Thursday, December 15, 2011

Neuroscience: Programming the Machine

While we have seen a lot of discussion about whether we can effectively model the brain as a computer, there's plenty of evidence that brains do act like "black boxes": present a particular input and you will get a related output. How the input relates to the output may vary, but the two do seem related.

In this article from The Telegraph, we learn that an external stimuli applied to the head can produce a tic in the body that the owner of the body did not will, either consciously or unconsciously. This phenomenon is interpreted as evidence that we have no free will--if someone else can push a button and cause us to jump or dance, then we cannot have control over our own bodies. Extend this to our seemingly autonomic reaction to the verbal stimulus of an insult or a tear-jerker movie, and we do seem to devolve into the feared state of automaton.

I think this view lacks a critical dimension, namely time.

As I see it, yes, an input does produce an output, and perhaps even reliably so. But not necessarily the same every time, and certainly not the same for every person. The author quotes Professor Patrick Haggard of the Institute for Cognitive Neuroscience:

"If you see a light go green, it may mean press the accelerator; but there are lots of situations where it doesn't mean that: if the car in front hasn't moved, for example. The same stimulus sometimes makes me press the accelerator, but sometimes the horn. We are not one output-one input beings; we have to cope with a messy world of inputs, an enormous range of outputs. I think the term 'free will' refers to the complexity of that arrangement."

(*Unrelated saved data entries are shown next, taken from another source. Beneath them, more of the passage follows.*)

(* Let $N\ge 2$ be an integer and $\tau>0$. For $t\in\{0,\tau,2\tau,\dots\}$ let $u_j^t=u(j,t)$, $j=0,\dots,N$, be defined by prescribed initial values $u(j,0)$ with $0\le u(j,0)\le 1$ for $j=0,\dots,N$, the Dirichlet boundary condition $u_0^t=u_N^t=0$ for all $t$, and the iteration, for $j=1,\dots,N-1$, $$u_j^{t+\tau}=u_j^t+\frac{u_j^tu_{j-1}^t}{2}\bigl(u_j^t+u_{j-1}^t-1\bigr)\bigl(u_{j-1}^t-u_j^t\bigr)+\frac{u_j^tu_{j+1}^t}{2}\bigl(u_j^t+u_{j+1}^t-1\bigr)\bigl(u_{j+1}^t-u_j^t\bigr).$$ Then the total density is conserved: for every $t\in\{0,\tau,2\tau,\dots\}$, $$\sum_{j=1}^{N-1}u(j,t+\tau)=\sum_{j=1}^{N-1}u(j,t).$$
   Context: This is an aggregation–diffusion lattice model for a cell density on the grid points $x_j=j/N$; $\tau$ is the time step. *)

theory Defs
  imports Complex_Main
begin

end

theory Submission
  imports Defs
begin

text \<open>The update is in conservation form: the change at site j is the flux from site j+1 into j
minus the flux from j into j-1, where the flux across a bond with end values a, b is
a b (a + b - 1) (b - a) / 2 and is antisymmetric in (a, b). Summing over the interior sites the
fluxes telescope, and the Dirichlet condition makes both boundary fluxes vanish.\<close>

definition bond_flux :: "real \<Rightarrow> real \<Rightarrow> real" where
  "bond_flux a b = a * b / 2 * (a + b - 1) * (b - a)"

lemma bond_flux_swap: "bond_flux b a = - bond_flux a b"
  unfolding bond_flux_def by (simp add: field_simps)

lemma bond_flux_zero_left [simp]: "bond_flux 0 b = 0"
  and bond_flux_zero_right [simp]: "bond_flux a 0 = 0"
  unfolding bond_flux_def by simp_all

lemma sum_conservation_form:
  fixes v w F :: "nat \<Rightarrow> real"
  assumes update: "\<And>j. 1 \<le> j \<Longrightarrow> j \<le> m \<Longrightarrow> v j = w j + (F j - F (j - 1))"
    and "F 0 = 0" and "F m = 0"
  shows "(\<Sum>j = 1..m. v j) = (\<Sum>j = 1..m. w j)"
proof -
  have telescope: "(\<Sum>j = 1..n. F j - F (j - 1)) = F n - F 0" for n
    by (induction n) auto
  have "(\<Sum>j = 1..m. v j) = (\<Sum>j = 1..m. w j) + (\<Sum>j = 1..m. F j - F (j - 1))"
    using update by (simp add: sum.distrib)
  with telescope[of m] assms(2,3) show ?thesis by simp
qed

theorem theorem3p2:
  fixes N :: nat and \<tau> :: real and u :: "nat \<Rightarrow> real \<Rightarrow> real"
  assumes "N \<ge> 2" and "\<tau> > 0"
    and init: "\<And>j. j \<le> N \<Longrightarrow> 0 \<le> u j 0 \<and> u j 0 \<le> 1"
    and bc0: "\<And>k::nat. u 0 (real k * \<tau>) = 0"
    and bcN: "\<And>k::nat. u N (real k * \<tau>) = 0"
    and step: "\<And>(k::nat) j. 1 \<le> j \<Longrightarrow> j \<le> N - 1 \<Longrightarrow>
      (let t = real k * \<tau> in
        u j (t + \<tau>) = u j t
          + u j t * u (j - 1) t / 2 * (u j t + u (j - 1) t - 1) * (u (j - 1) t - u j t)
          + u j t * u (j + 1) t / 2 * (u j t + u (j + 1) t - 1) * (u (j + 1) t - u j t))"
  shows "\<forall>k::nat. (\<Sum>j = 1..N - 1. u j (real k * \<tau> + \<tau>)) = (\<Sum>j = 1..N - 1. u j (real k * \<tau>))"
proof
  fix k :: nat
  define t where "t = real k * \<tau>"
  define F where "F j = bond_flux (u j t) (u (j + 1) t)" for j
  have "u j (t + \<tau>) = u j t + (F j - F (j - 1))" if "1 \<le> j" "j \<le> N - 1" for j
  proof -
    have "j - 1 + 1 = j" using that(1) by simp
    then have "F (j - 1) = - bond_flux (u j t) (u (j - 1) t)"
      unfolding F_def by (metis bond_flux_swap)
    moreover have "u j (t + \<tau>) = u j t + bond_flux (u j t) (u (j - 1) t) + F j"
      using step[OF that, of k] by (simp add: F_def t_def Let_def bond_flux_def)
    ultimately show ?thesis by simp
  qed
  moreover have "F 0 = 0" using bc0[of k] by (simp add: F_def t_def)
  moreover have "F (N - 1) = 0" using bcN[of k] \<open>N \<ge> 2\<close> by (simp add: F_def t_def)
  ultimately show "(\<Sum>j = 1..N - 1. u j (real k * \<tau> + \<tau>)) = (\<Sum>j = 1..N - 1. u j (real k * \<tau>))"
    unfolding t_def by (rule sum_conservation_form)
qed

end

This seems to me to capture the heart of the issue. We condition our responses based on context. But how do we do that?

Here's where time comes into the picture, in my view. We *learn*, by trying, failing, trying, erring, trying, succeeding. Over time, we develop the black box mechanism that determines our outputs for a given input. We get programmed.

I would contend that we can reclaim free will, in part, by coming to recognize the time dimension and choosing how we become programmed. We can adjust our understanding of a situation, thus tapping a different pathway through our brains, producing a different reaction that might have otherwise occurred.

We do this by mindfully attending to the input-output process of our daily lives, by evaluating how we feel about the relation and the outcome of that relation, and by reinforcing, replacing or redefining the significance we assign to the input to modify the resulting output. Time provides us with our own personal psychology lab, if we will choose to use it.